The
historic and immensely symbolic event of pulling down Rhodes’ statue at the
Green Mile bottom of Jammie Steps, UCT. You will feel the relief on the faces
of the protesters-as many lash out at the statue with sticks and stones, others
reach up to deal it torrents of slaps. Rhodes’ persecution didn’t end there.
The statue was blindfolded and red liquid poured on it like blood ritual. And
listening to the songs and jubilation you will think that the final bastion of
Apartheid just came down.
As
preparations were made to remove the statue of British colonialist Cecil Rhodes from the
University of Cape Town on Thursday, white groups launched
protests to protect what they see as their heritage.

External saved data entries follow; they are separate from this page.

(* Let $\mathbf A\in\mathbb R^{m\times n}$ and integers $0\le s<k<n$, and let $\lambda_1\ge\dots\ge\lambda_n>0$ be the eigenvalues of $\mathbf A^\top\mathbf A$. Let $S\sim k\text{-}\mathrm{DPP}(\mathbf A^\top\mathbf A)$ and $b=\min\{k-s,n-k\}$. Then for any $0<\epsilon\le\frac12$, \[ \frac{\mathbb E[\mathrm{Er}_{\mathbf A}(S)]}{\mathrm{OPT}_k}\le\big(1-e^{-\epsilon^2b/10}\big)^{-1}(1-\epsilon)^{-1}\,\Psi_s(k),\qquad\text{where }\Psi_s(k)=\frac{\lambda_{s+1}}{\lambda_n}\Big(1+\frac{s}{k-s}\Big). \]
   Context: For $\mathbf A\in\mathbb R^{m\times n}$ with columns $\mathbf a_1,\dots,\mathbf a_n$ and $S\subseteq\{1,\dots,n\}$, $\mathbf P_S$ is the orthogonal projection onto $\mathrm{span}\{\mathbf a_i:i\in S\}$, $\mathrm{Er}_{\mathbf A}(S)=\|\mathbf A-\mathbf P_S\mathbf A\|_F^2$, and $\mathrm{OPT}_k=\min_{\mathrm{rank}(\mathbf B)=k}\|\mathbf A-\mathbf B\|_F^2=\sum_{i>k}\lambda_i$. $S\sim k\text{-}\mathrm{DPP}(\mathbf A^\top\mathbf A)$ denotes the distribution over subsets $S$ with $|S|=k$ and $\Pr(S)\propto\det(\mathbf A_S^\top\mathbf A_S)$, $\mathbf A_S$ the submatrix of columns indexed by $S$. *)

theory Defs
  imports "HOL-Analysis.Analysis"
begin

text \<open>Matrices A in R^{m x n} are modelled as real^'n^'m (m rows, n = CARD('n) columns);
column indices are elements of the finite type 'n.\<close>

definition eigs :: "real^'n^'n \<Rightarrow> real list" where
  "eigs M = (THE ls. length ls = CARD('n) \<and> sorted_wrt (\<ge>) ls \<and>
      (\<forall>x. det (mat x - M) = (\<Prod>i<CARD('n). x - ls ! i)))"

definition lam :: "real^'n^'m \<Rightarrow> nat \<Rightarrow> real" where
  "lam A i = eigs (transpose A ** A) ! (i - 1)"

definition frob2 :: "real^'n^'m \<Rightarrow> real" where
  "frob2 B = (\<Sum>i\<in>UNIV. \<Sum>j\<in>UNIV. (B $ i $ j)^2)"

definition projS :: "real^'n^'m \<Rightarrow> 'n set \<Rightarrow> real^'m \<Rightarrow> real^'m" where
  "projS A S v = closest_point (span ((\<lambda>i. column i A) ` S)) v"

definition Er :: "real^'n^'m \<Rightarrow> 'n set \<Rightarrow> real" where
  "Er A S = frob2 (A - (\<chi> i j. projS A S (column j A) $ i))"

definition OPT :: "real^'n^'m \<Rightarrow> nat \<Rightarrow> real" where
  "OPT A k = Inf {frob2 (A - B) | B. rank B = k}"

text \<open>det(A_S^T A_S), Leibniz formula over the index set S.\<close>
definition gram_det :: "real^'n^'m \<Rightarrow> 'n set \<Rightarrow> real" where
  "gram_det A S = (\<Sum>p\<in>{p. p permutes S}. of_int (sign p) *
      (\<Prod>i\<in>S. column i A \<bullet> column (p i) A))"

text \<open>E[Er_A(S)] for S ~ k-DPP(A^T A): Pr(S) = det(A_S^T A_S) / sum_{|T|=k} det(A_T^T A_T).\<close>
definition dpp_expected_Er :: "real^'n^'m \<Rightarrow> nat \<Rightarrow> real" where
  "dpp_expected_Er A k =
     (\<Sum>S\<in>{S. card S = k}. gram_det A S * Er A S) / (\<Sum>T\<in>{T. card T = k}. gram_det A T)"

end

theory Submission
  imports Defs "HOL-Computational_Algebra.Fundamental_Theorem_Algebra"
begin

text \<open>Let \<open>e\<^sub>j\<close> be the \<open>j\<close>-th elementary symmetric polynomial of the eigenvalues
  \<open>\<lambda>\<^sub>1 \<ge> \<dots> \<ge> \<lambda>\<^sub>n\<close> of \<open>A\<^sup>T A\<close>; comparing coefficients of the characteristic polynomial, it
  is the sum of all \<open>j \<times> j\<close> principal minors, i.e. of the Gram determinants \<open>det (A\<^sub>S\<^sup>T A\<^sub>S)\<close>
  with \<open>|S| = j\<close>. By the base-times-height formula
  \<open>det (A\<^sub>S\<^sub>+\<^sub>j\<^sup>T A\<^sub>S\<^sub>+\<^sub>j) = det (A\<^sub>S\<^sup>T A\<^sub>S) \<parallel>a\<^sub>j - P\<^sub>S a\<^sub>j\<parallel>\<^sup>2\<close>, summing over the pairs \<open>(S, j)\<close>
  gives \<open>E[Er\<^sub>A(S)] = (k + 1) e\<^sub>k\<^sub>+\<^sub>1 / e\<^sub>k\<close>. Counting the same pairs once more yields
  \<open>(k + 1 - s) e\<^sub>k\<^sub>+\<^sub>1 \<le> (n - k) \<lambda>\<^sub>s\<^sub>+\<^sub>1 e\<^sub>k\<close>. On the other hand, every rank-\<open>k\<close> matrix vanishes
  on \<open>n - k\<close> orthonormal vectors, on each of which \<open>\<parallel>A x\<parallel>\<^sup>2 \<ge> \<lambda>\<^sub>n\<close>, so
  \<open>OPT\<^sub>k \<ge> (n - k) \<lambda>\<^sub>n\<close>. Hence the ratio is at most
  \<open>(k + 1) / (k + 1 - s) \<lambda>\<^sub>s\<^sub>+\<^sub>1 / \<lambda>\<^sub>n \<le> \<Psi>\<^sub>s(k)\<close>, and the two remaining factors are \<open>\<ge> 1\<close>.\<close>

section \<open>Principal minors and the characteristic polynomial\<close>

definition principal_minor :: "'a::comm_ring_1^'n^'n \<Rightarrow> 'n set \<Rightarrow> 'a" where
  "principal_minor M S = (\<Sum>p\<in>{p. p permutes S}. of_int (sign p) * (\<Prod>i\<in>S. M $ i $ p i))"

definition sum_principal_minors :: "'a::comm_ring_1^'n^'n \<Rightarrow> nat \<Rightarrow> 'a" where
  "sum_principal_minors M j = (\<Sum>S\<in>{S. card S = j}. principal_minor M S)"

definition esym :: "'a::comm_semiring_1 list \<Rightarrow> nat \<Rightarrow> 'a" where
  "esym l j = (\<Sum>T\<in>{T. T \<subseteq> {..<length l} \<and> card T = j}. \<Prod>i\<in>T. l ! i)"

lemma sum_principal_minors_0:
  fixes M :: "'a::comm_ring_1^'n^'n"
  shows "sum_principal_minors M 0 = 1"
proof -
  have "{S::'n set. card S = 0} = {{}}" by auto
  moreover have "{p. p permutes {}} = {id}" by auto
  ultimately show ?thesis
    unfolding sum_principal_minors_def principal_minor_def by simp
qed

lemma permutes_UNIV_fixing_iff: "p permutes UNIV \<and> (\<forall>i\<in>X. p i = i) \<longleftrightarrow> p permutes - X"
  unfolding permutes_def by auto
(* Fix $\gamma\in\mathbb{R}$. Let $G$ be the directed graph whose vertices are the species $1,\dots,s_0$, with a directed edge from $i$ to $j$ whenever there is a reaction $k$ with $\zeta_{ik}<0$ and $\zeta_{jk}>0$, and let $G_1,\dots,G_p$ be its maximal strongly connected subgraphs (single vertices count as strongly connected). Let $\theta\in[0,\infty)^{s_0}$ and write $\theta=\sum_{j=1}^m\theta^j$ with $\theta^j\in[0,\infty)^{s_0}$, where $\mathrm{supp}(\theta^j)$ is contained in the vertex set of a maximal strongly connected subgraph $G_{i_j}$ and $G_{i_j}\ne G_{i_l}$ for $j\neq l$. Then: (i) if Condition 3.2 holds at $\gamma$ for each $\theta^j$, it holds at $\gamma$ for $\theta$; (ii) if the balance equation (B) holds for each $\theta^j$, then (B) holds for $\theta$; (iii) if the time-scale constraint (T) at $\gamma$ holds for each $\theta^j$, then (T) at $\gamma$ holds for $\theta$. Consequently, if Condition 3.2 (resp. (B), resp. (T) at $\gamma$) holds for every $\theta\in[0,\infty)^{s_0}$ whose support lies in the vertex set of some strongly connected subgraph of $G$, then it holds for every $\theta\in[0,\infty)^{s_0}$.
   Context: Fix integers $s_0,r_0\ge 1$ and, for $k=1,\dots,r_0$, vectors $\nu_k,\nu_k'\in\mathbb{N}^{s_0}$ (reactant and product vectors of reaction $k$); set $\zeta_k=\nu_k'-\nu_k$. Fix $\alpha\in[0,\infty)^{s_0}$ and $\beta\in\mathbb{R}^{r_0}$ and set $\rho_k=\beta_k+\nu_k\cdot\alpha$. For $\theta\in[0,\infty)^{s_0}$ let $\Gamma_\theta^+=\{k:\theta\cdot\zeta_k>0\}$, $\Gamma_\theta^-=\{k:\theta\cdot\zeta_k<0\}$ and $\mathrm{supp}(\theta)=\{i:\theta_i>0\}$. A maximum over the empty set is $-\infty$. For $\theta\in[0,\infty)^{s_0}$ and $\gamma\in\mathbb{R}$: the balance equation for $\theta$ is (B) $\max_{k\in\Gamma_\theta^-}\rho_k=\max_{k\in\Gamma_\theta^+}\rho_k$; the time-scale constraint for $\theta$ at $\gamma$ is (T) $\gamma\le\max_{i:\theta_i>0}\alpha_i-\max_{k\in\Gamma_\theta^+\cup\Gamma_\theta^-}\rho_k$; Condition 3.2 holds for $\theta$ at $\gamma$ if (B) or (T) holds. *)

theory Defs
  imports Complex_Main "HOL-Library.Extended_Real"
begin

text \<open>Species are indexed by 0..<s0, reactions by 0..<r0.
  nu k i / nu' k i are the i-th entries of the reactant/product vectors of reaction k.
  Vectors in R^s0 are functions nat => real of which only the entries i < s0 matter.\<close>

definition zeta :: "(nat \<Rightarrow> nat \<Rightarrow> nat) \<Rightarrow> (nat \<Rightarrow> nat \<Rightarrow> nat) \<Rightarrow> nat \<Rightarrow> nat \<Rightarrow> real" where
  "zeta nu nu' k i = real (nu' k i) - real (nu k i)"

definition rho :: "nat \<Rightarrow> (nat \<Rightarrow> nat \<Rightarrow> nat) \<Rightarrow> (nat \<Rightarrow> real) \<Rightarrow> (nat \<Rightarrow> real) \<Rightarrow> nat \<Rightarrow> real" where
  "rho s0 nu alpha beta k = beta k + (\<Sum>i<s0. real (nu k i) * alpha i)"

definition dotz :: "nat \<Rightarrow> (nat \<Rightarrow> nat \<Rightarrow> nat) \<Rightarrow> (nat \<Rightarrow> nat \<Rightarrow> nat) \<Rightarrow> (nat \<Rightarrow> real) \<Rightarrow> nat \<Rightarrow> real" where
  "dotz s0 nu nu' theta k = (\<Sum>i<s0. theta i * zeta nu nu' k i)"
(* Let $(M,\bar g)$ be an $(n+1)$-dimensional umbilically synchronized space-time which is vacuum ($\overline{\mathrm{Ric}}=0$) and geodesic (the acceleration $\mathbf{A}=\bar\nabla_{\mathbf n}\mathbf n$ vanishes). Then $M$ is a Lorentzian cone over a negatively Einstein manifold, i.e. after a suitable choice of the time coordinate the metric takes the form $-dt^2+t^2\gamma_{ij}dx^idx^j$ where $\gamma$ is a time-independent Riemannian metric that is Einstein with negative Einstein constant. If $\dim M=4$, then $M$ represents the expanding hyperbolic model in Minkowski space-time, i.e. $\gamma$ has constant negative curvature and $M$ is (locally) flat Minkowski space-time.
   Context: An umbilically synchronized space-time is an $(n+1)$-dimensional Lorentzian manifold $M$ with coordinates $(t,x^1,\dots,x^n)$ and metric $ds^2=-N^2dt^2+g_{ij}dx^idx^j$ (zero shift), lapse $N>0$, such that each spatial slice $\Sigma_t=\{t=\text{const}\}$ is totally umbilical: $K_{ij}=\bar g(\bar\nabla_{\partial_i}\mathbf n,\partial_j)=\tau g_{ij}$, where $\mathbf n=\frac1N\partial_t$ is the unit normal and $\tau$ the mean curvature. Equivalently $g_{ij}=a^2(t,x^k)\gamma_{ij}$ with $\gamma$ time-independent. The acceleration $\mathbf A=\bar\nabla_{\mathbf n}\mathbf n$ equals the spatial gradient of $\ln N$; the space-time is called geodesic if $\mathbf A=0$.
   Formalization: The mean curvature $\tau$ must be nonzero at some point of M, so the slices $\Sigma_t$ are not all totally geodesic. The statement above fails without it. *)

theory Defs
  imports "HOL-Analysis.Analysis"
begin

text \<open>A coordinate chart is an open subset of a
real normed vector space 'p together with a coordinate basis E :: 'i \<Rightarrow> 'p indexed by a
finite index type 'i.\<close>

definition partial :: "('i \<Rightarrow> 'p::real_normed_vector) \<Rightarrow> 'i \<Rightarrow> ('p \<Rightarrow> real) \<Rightarrow> 'p \<Rightarrow> real" where
  "partial E m f p = deriv (\<lambda>s. f (p + s *\<^sub>R E m)) 0"

fun iter_partial :: "('i \<Rightarrow> 'p::real_normed_vector) \<Rightarrow> 'i list \<Rightarrow> ('p \<Rightarrow> real) \<Rightarrow> 'p \<Rightarrow> real" where
  "iter_partial E [] f = f"
| "iter_partial E (m # ms) f = partial E m (iter_partial E ms f)"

South Africa’s oldest university voted on Wednesday to
remove the monument from its campus after a month of student protests against a perceived symbol of
historical white oppression.
On
Thursday morning, the youth wing of white Afrikaner solidarity group AfriForum
handed a memorandum to parliament in Cape Town to “demand protection” for their
heritage.
The
Afrikaners are descendants of mainly Dutch settlers from the 17th and 18th
centuries and dominated South Africa’s white-minority government before the end
of apartheid in 1994.
They
are no supporters of Rhodes, who was on the British side in the Anglo-Boer war at
the beginning of the 20th century, but have seen statues of their own heroes
come under attack in the wake of the university protests.
Afrikaner
men, some of them in quasi-military outfits, demonstrated on Wednesday at the
statue in Pretoria of former president Paul Kruger – which had been splattered
with paint – and at the monument to the leader of the first settlers, Jan van
Riebeeck, in Cape Town.
“The
Afrikaner is – from a historical perspective – increasingly being portrayed as
criminals and land thieves,” AfriForum said in a statement.
“But
apartheid freedom fighters are certainly not the untainted heroes Government is
making them out to be.
“If
the heritage of the Afrikaner is not important to Government, our youth members
will preserve our own heritage.”
Their
attitude is in contrast to that of the council of the University of Cape Town,
which voted to remove Rhodes after accepting his statue made black students
uncomfortable on campus.
The
imposing bronze statue of a brooding Rhodes was due to come down later on
Thursday. A decision on its final destination is yet to be made, but it is
likely to end up in a museum.
Its
disappearance is unlikely to end the debate over the pace of racial
transformation, which goes beyond symbols to encompass economic and social
divisions 21 years after the end of apartheid.